A distributive law for filter objects

I recently proved the following conjecture (now a theorem):

Theorem A\cap^{\mathfrak{F}}\bigcup{}^{\mathfrak{F}}S = \bigcup{}^{\mathfrak{F}} \{ A\cap^{\mathfrak{F}} X | X\in S \} for every set A\in\mathscr{P}\mho and every S\in\mathscr{P}\mathfrak{F} where \mathfrak{F} is the set of filter objects on some set \mho.

This theorem is a direct consequence of the following lemma:

Lemma A\cap^{\mathfrak{F}} is a lower adjoint of (\mho\setminus A)\cup^{\mathfrak{F}} for every set A\in\mathscr{P}\mho.

Proof That A\cap^{\mathfrak{F}} and (\mho\setminus A)\cup^{\mathfrak{F}} are monotone is obvious.

We need to prove (for every x,y\in\mathfrak{F}) that

x \subseteq (\mho\setminus A)\cup^{\mathfrak{F}}(A\cap^{\mathfrak{F}}x) and A\cap^{\mathfrak{F}}((\mho\setminus A)\cup^{\mathfrak{F}}y) \subseteq y.

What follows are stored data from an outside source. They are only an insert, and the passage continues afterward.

lemma closed_subspace_nearest_point:
  fixes V :: "'a::{real_inner,complete_space} set"
  assumes sub: "subspace V" and cl: "closed V"
  shows "\<exists>p\<in>V. \<forall>v\<in>V. norm (u - p) \<le> norm (u - v)"
proof -
  define d where "d = Inf ((\<lambda>v. norm (u - v)^2) ` V)"
  have V0: "0 \<in> V" using sub by (rule subspace_0)
  have d_le: "d \<le> norm (u - v)^2" if "v \<in> V" for v
    unfolding d_def using that by (intro cInf_lower) (auto intro!: bdd_belowI[of _ 0])
  have "\<exists>v\<in>V. norm (u - v)^2 < d + 1 / Suc n" for n :: nat
    using cInf_lessD[of "(\<lambda>v. norm (u - v)^2) ` V" "d + 1 / Suc n"] V0 unfolding d_def by auto
  then obtain w where w: "\<And>n. w n \<in> V" "\<And>n. norm (u - w n)^2 < d + 1 / Suc n" by metis
  have w_close: "norm (w m - w n)^2 \<le> 2 / Suc m + 2 / Suc n" for m n
  proof -
    have "(w m + w n) /\<^sub>R 2 \<in> V" using sub w(1) by (simp add: subspace_add subspace_scale)
    hence "d \<le> norm (u - (w m + w n) /\<^sub>R 2)^2" by (rule d_le)
    with parallelogram_midpoint[of "w m" "w n" u] w(2)[of m] w(2)[of n] show ?thesis by linarith
  qed
  have "Cauchy w"
  proof (rule metric_CauchyI)
    fix e :: real assume e: "e > 0"
    obtain M :: nat where M: "4 / e^2 < M" using reals_Archimedean2 by blast
    have M_pos: "0 < real M" using M e by (smt (verit) divide_pos_pos zero_less_power)
    have "dist (w m) (w n) < e" if "M \<le> m" "M \<le> n" for m n
    proof -
      have "2 / Suc m \<le> 2 / M" "2 / Suc n \<le> 2 / M"
        using that M_pos by (auto intro!: divide_left_mono)
      moreover have "4 / M < e^2" using M M_pos e by (simp add: field_simps)
      ultimately have "norm (w m - w n)^2 < e^2" using w_close[of m n] by linarith
      thus ?thesis using e by (simp add: dist_norm power_less_imp_less_base)
    qed
    thus "\<exists>M. \<forall>m\<ge>M. \<forall>n\<ge>M. dist (w m) (w n) < e" by blast
  qed
  then obtain p where lim: "w \<longlonglongrightarrow> p" using complete_UNIV convergent_eq_Cauchy by blast
  have "p \<in> V" using cl w(1) lim by (meson closed_sequentially)
  have "(\<lambda>n. d + 1 / Suc n) \<longlonglongrightarrow> d + 0"
    by (intro tendsto_intros LIMSEQ_inverse_real_of_nat[unfolded inverse_eq_divide])
  moreover have "(\<lambda>n. norm (u - w n)^2) \<longlonglongrightarrow> norm (u - p)^2"
    by (intro tendsto_intros lim)
  ultimately have "norm (u - p)^2 \<le> d"
    using w(2) by (intro LIMSEQ_le[of "\<lambda>n. norm (u - w n)^2" _ "\<lambda>n. d + 1 / Suc n"])
      (auto intro: less_imp_le)
  hence "\<forall>v\<in>V. norm (u - p) \<le> norm (u - v)"
    using d_le by (meson norm_ge_zero order_trans power2_le_imp_le)
  with \<open>p \<in> V\<close> show ?thesis by blast
qed

lemma nearest_point_orthogonal:
  fixes V :: "'a::real_inner set"
  assumes sub: "subspace V" and p: "p \<in> V" and near: "\<forall>v\<in>V. norm (u - p) \<le> norm (u - v)"
    and v: "v \<in> V"
  shows "inner (u - p) v = 0"
proof -
  define a where "a = inner (u - p) v"
  define n where "n = norm v ^ 2"
  define t where "t = a / (n + 1)"
  have n0: "n \<ge> 0" by (simp add: n_def)
  have "p + t *\<^sub>R v \<in> V" using sub p v by (simp add: subspace_add subspace_scale)
  hence "norm (u - p) ^ 2 \<le> norm ((u - p) - t *\<^sub>R v) ^ 2"
    using near by (metis diff_diff_eq norm_ge_zero power_mono)
  also have "\<dots> = norm (u - p) ^ 2 - 2 * t * a + t ^ 2 * n"
    unfolding a_def n_def by (rule norm_diff_scaleR_sq)
  finally have "2 * (t * a) \<le> (t * a) * (n / (n + 1))"
    using n0 by (simp add: t_def power2_eq_square field_simps)
  moreover have "t * a \<ge> 0" "n / (n + 1) \<le> 1" using n0 by (simp_all add: t_def)
  ultimately have "t * a \<le> 0" by (smt (verit) mult_left_le)
  hence "a\<^sup>2 / (n + 1) \<le> 0" by (simp add: t_def power2_eq_square)
  hence "a\<^sup>2 \<le> 0" using n0 by (simp add: divide_le_0_iff)
  thus ?thesis by (simp add: a_def)
qed

lemma closed_subspace_projection:
  fixes V :: "'a::{real_inner,complete_space} set"
  assumes "subspace V" and "closed V"
  shows "\<exists>p\<in>V. \<forall>v\<in>V. inner (u - p) v = 0"
  using closed_subspace_nearest_point[OF assms, of u] nearest_point_orthogonal[OF assms(1)] by blast

lemma riesz_representation:
  fixes \<phi> :: "'a::{real_inner,complete_space} \<Rightarrow> real"
  assumes bl: "bounded_linear \<phi>"
  shows "\<exists>g. \<forall>x. \<phi> x = inner x g"
proof (cases "\<forall>x. \<phi> x = 0")
  case True thus ?thesis by (intro exI[of _ 0]) simp
next
  case False
  then obtain u where u: "\<phi> u \<noteq> 0" by blast
  interpret bounded_linear \<phi> by fact
  define V where "V = {x. \<phi> x = 0}"
  have sub: "subspace V" unfolding V_def subspace_def by (simp add: add scaleR)
  have cl: "closed V" unfolding V_def
    by (intro closed_Collect_eq continuous_intros) (simp_all add: linear_continuous_on bl)
  obtain p where p: "p \<in> V" "\<And>v. v \<in> V \<Longrightarrow> inner (u - p) v = 0"
    using closed_subspace_projection[OF sub cl, of u] by blast
  define w where "w = u - p"
  have \<phi>w: "\<phi> w = \<phi> u" using p(1) by (simp add: w_def V_def diff)
  hence "w \<noteq> 0" using u by (auto simp: zero)
  have "\<phi> x = inner x ((\<phi> w / inner w w) *\<^sub>R w)" for x
  proof -
    have "x - (\<phi> x / \<phi> w) *\<^sub>R w \<in> V" using \<phi>w u by (simp add: V_def diff scaleR)
    hence "inner w (x - (\<phi> x / \<phi> w) *\<^sub>R w) = 0" using p(2) w_def by blast
    hence "inner w x = (\<phi> x / \<phi> w) * inner w w" by (simp add: inner_diff_right)
    thus ?thesis using \<open>w \<noteq> 0\<close> \<phi>w u by (simp add: field_simps inner_commute)
  qed
  thus ?thesis by blast
qed

text \<open>Hence every bounded linear map on a Hilbert space has an adjoint; the library proves
  this only for Euclidean spaces.\<close>
lemma adjoint_works_complete:
  fixes f :: "'a::{real_inner,complete_space} \<Rightarrow> 'b::real_inner"
  assumes bl: "bounded_linear f"
  shows "inner (f x) y = inner x (adjoint f y)"
proof -
  have "\<exists>g. \<forall>x. inner (f x) y = inner x g" for y
    by (intro riesz_representation bounded_linear_compose[OF bounded_linear_inner_left bl])
  then obtain g where "\<forall>x y. inner (f x) y = inner x (g y)" by metis
  hence "\<forall>x y. inner (f x) y = inner x (adjoint f y)"
    unfolding adjoint_def by (rule someI[where P="\<lambda>f'. \<forall>x y. f x \<bullet> y = x \<bullet> f' y"])
  thus ?thesis by blast
qed

lemma adjoint_bounded_linear_complete:
  fixes f :: "'a::{real_inner,complete_space} \<Rightarrow> 'b::real_inner"
  assumes bl: "bounded_linear f"
  shows "bounded_linear (adjoint f)"
proof -
  note adj = adjoint_works_complete[OF bl]
  have eq: "a = b" if "\<And>x. inner x a = inner x b" for a b :: 'a
  proof -
    have "inner (a - b) (a - b) = 0" using that[of "a - b"] by (simp add: inner_diff_right)
    thus ?thesis by simp
  qed
  have lin: "linear (adjoint f)"
    by standard (rule eq; simp add: adj[symmetric] inner_add_right)+
  obtain C where C: "\<And>x. norm (f x) \<le> norm x * C" "C > 0"
    using bounded_linear.pos_bounded[OF bl] by blast
  have "norm (adjoint f y) \<le> norm y * C" for y
  proof -
    have "norm (adjoint f y)^2 = inner (f (adjoint f y)) y"
      by (simp add: adj power2_norm_eq_inner)
    also have "\<dots> \<le> norm (f (adjoint f y)) * norm y" by (rule norm_cauchy_schwarz)
    also have "\<dots> \<le> norm (adjoint f y) * (norm y * C)"
      using mult_right_mono[OF C(1)[of "adjoint f y"] norm_ge_zero[of y]] by (simp add: mult_ac)
    finally show ?thesis using C(2) by (cases "adjoint f y = 0") (auto simp: power2_eq_square)
  qed
  with lin show ?thesis
    unfolding bounded_linear_def bounded_linear_axioms_def by blast
qed

lemma bl_adj_inner:
  fixes A :: "'a::{real_inner,complete_space} \<Rightarrow>\<^sub>L 'b::real_inner"
  shows "inner (A x) y = inner x (bl_adj A y)"
proof -
  have "blinfun_apply (bl_adj A) = adjoint (blinfun_apply A)"
    unfolding bl_adj_def
    by (rule bounded_linear_Blinfun_apply[OF adjoint_bounded_linear_complete[OF blinfun.bounded_linear_right]])
  thus ?thesis using adjoint_works_complete[OF blinfun.bounded_linear_right] by simp
qed
lemma En_decode_En_ract_cone_into_En:
  assumes tg: "topological_group G T" and n: "1 \<le> n"
    and c: "c \<in> topspace (cone_top T)" and h: "h \<in> topspace T"
  shows "En_ract G (cone_into_En G n c) h \<in> {p. 1/2 < fst (p 1)}
      \<and> En_decode G (En_ract G (cone_into_En G n c) h) = (h, c)"
proof -
  interpret group G by (rule topological_group_group[OF tg])
  from c obtain g t where c: "c = cone_pt g t" and g: "g \<in> carrier G" and t: "0 \<le> t" "t \<le> 1"
    by (auto simp: topspace_cone_top topspace_topological_group[OF tg])
  let ?p = "En_ract G (cone_into_En G n c) h"
  have p: "?p = En_pt n (\<lambda>i. (\<lambda>i\<in>{..n}. if i = 0 then g else \<one>\<^bsub>G\<^esub>) i \<otimes>\<^bsub>G\<^esub> h)
      (\<lambda>i\<in>{..n}. if i = 0 then t / 3 else if i = 1 then 1 - t / 3 else 0)"
    by (simp add: c cone_into_En_cone_pt En_ract_En_pt)
  have "1/2 < fst (?p 1)"
    unfolding p using n t by (simp add: fst_En_pt)
  moreover have "En_decode G ?p = (h, c)"
    unfolding p using n t g h
    by (simp add: En_decode_En_pt cone_decode_translate c topspace_topological_group[OF tg] is_group)
  ultimately show ?thesis by simp
qed

lemma quot_top_eq_prod_cone_top_if_En_action_continuous:
  assumes tg: "topological_group G T" and n: "1 \<le> n"
    and cont: "continuous_map (prod_topology (En_top T n) T) (En_top T n) (\<lambda>(p, g). En_ract G p g)"
  shows "quot_top (prod_topology T (prod_topology T unit_interval)) cone_prod_map = prod_topology T (cone_top T)"
  using cont continuous_map_cone_into_En[OF tg n] En_decode_En_ract_cone_into_En[OF tg n]
    openin_En_decode[OF tg]
  by (rule quot_top_eq_prod_cone_top_if_decodable)

lemma istopology_Einf_top:
  "istopology (\<lambda>U. U \<subseteq> (\<Union>n. topspace (En_top T n)) \<and> (\<forall>n. openin (En_top T n) (U \<inter> topspace (En_top T n))))"
  unfolding istopology_def
proof (intro conjI allI impI ballI)
  fix S S' :: "(nat \<Rightarrow> real \<times> 'a option) set"
  assume S: "S \<subseteq> (\<Union>n. topspace (En_top T n)) \<and> (\<forall>n. openin (En_top T n) (S \<inter> topspace (En_top T n)))"
    and S': "S' \<subseteq> (\<Union>n. topspace (En_top T n)) \<and> (\<forall>n. openin (En_top T n) (S' \<inter> topspace (En_top T n)))"
  then show "S \<inter> S' \<subseteq> (\<Union>n. topspace (En_top T n))" by blast
  fix n
  have "S \<inter> S' \<inter> topspace (En_top T n) = (S \<inter> topspace (En_top T n)) \<inter> (S' \<inter> topspace (En_top T n))"
    by blast
  with S S' show "openin (En_top T n) (S \<inter> S' \<inter> topspace (En_top T n))"
    by (simp add: openin_Int)
next
  fix K :: "(nat \<Rightarrow> real \<times> 'a option) set set"
  assume K: "\<forall>S\<in>K. S \<subseteq> (\<Union>n. topspace (En_top T n)) \<and> (\<forall>n. openin (En_top T n) (S \<inter> topspace (En_top T n)))"
  then show "\<Union>K \<subseteq> (\<Union>n. topspace (En_top T n))" by blast
  fix n
  have "\<Union>K \<inter> topspace (En_top T n) = \<Union>((\<lambda>S. S \<inter> topspace (En_top T n)) ` K)"
    by blast
  moreover have "openin (En_top T n) (\<Union>((\<lambda>S. S \<inter> topspace (En_top T n)) ` K))"
    using K by (intro openin_Union) blast
  ultimately show "openin (En_top T n) (\<Union>K \<inter> topspace (En_top T n))"
    by simp
qed

lemma openin_Einf_top:
  "openin (Einf_top T) U \<longleftrightarrow>
     U \<subseteq> (\<Union>n. topspace (En_top T n)) \<and> (\<forall>n. openin (En_top T n) (U \<inter> topspace (En_top T n)))"
  unfolding Einf_top_def by (simp add: topology_inverse'[OF istopology_Einf_top])

lemma topspace_Einf_top: "topspace (Einf_top T) = (\<Union>n. topspace (En_top T n))"
proof
  show "topspace (Einf_top T) \<subseteq> (\<Union>n. topspace (En_top T n))"
    using openin_topspace[of "Einf_top T"] unfolding openin_Einf_top by (rule conjunct1)
  have "openin (Einf_top T) (\<Union>n. topspace (En_top T n))"
    unfolding openin_Einf_top
  proof (intro conjI allI)
    fix n
    have "(\<Union>n. topspace (En_top T n)) \<inter> topspace (En_top T n) = topspace (En_top T n)"
      by blast
    then show "openin (En_top T n) ((\<Union>n. topspace (En_top T n)) \<inter> topspace (En_top T n))"
      by simp
  qed simp
  then show "(\<Union>n. topspace (En_top T n)) \<subseteq> topspace (Einf_top T)"
    by (rule openin_subset)
qed

lemma openin_Einf_top_Collect:
  assumes "\<And>n. openin (En_top T n) {p \<in> topspace (En_top T n). P p}"
  shows "openin (Einf_top T) {p \<in> topspace (Einf_top T). P p}"
proof -
  have "{p \<in> topspace (Einf_top T). P p} \<inter> topspace (En_top T n) = {p \<in> topspace (En_top T n). P p}" for n
    by (auto simp: topspace_Einf_top)
  with assms show ?thesis
    unfolding openin_Einf_top by (auto simp: topspace_Einf_top)
qed

lemma continuous_map_En_top_Einf_top: "continuous_map (En_top T n) (Einf_top T) (\<lambda>p. p)"
  unfolding continuous_map_def
proof (intro conjI allI impI)
  show "(\<lambda>p. p) \<in> topspace (En_top T n) \<rightarrow> topspace (Einf_top T)"
    by (auto simp: topspace_Einf_top)
  fix U assume "openin (Einf_top T) U"
  then have "openin (En_top T n) (U \<inter> topspace (En_top T n))"
    by (simp add: openin_Einf_top)
  then show "openin (En_top T n) {p \<in> topspace (En_top T n). p \<in> U}"
    by (simp add: Int_def conj_commute)
qed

Really, (\mho \setminus A) \cup^{\mathfrak{F}} (A \cap^{\mathfrak{F}} x) =\\ ((\mho \setminus A) \cup^{\mathfrak{F}} A) \cap^{\mathfrak{F}} ((\mho\setminus A) \cup^{\mathfrak{F}} x) =\\ \mho \cap^{\mathfrak{F}} ((\mho\setminus A) \cup^{\mathfrak{F}} x) =\\ (\mho \setminus A) \cup^{\mathfrak{F}} x\supseteq x
A \cap^{\mathfrak{F}} ((\mho\setminus A)\cup^{\mathfrak{F}} y) =\\ (A \cap^{\mathfrak{F}} (\mho \setminus A))\cup^{\mathfrak{F}} (A \cap^{\mathfrak{F}} y) =\\ \emptyset \cup^{\mathfrak{F}}(A \cap^{\mathfrak{F}} y) =\\ A \cap^{\mathfrak{F}} y \subseteq y.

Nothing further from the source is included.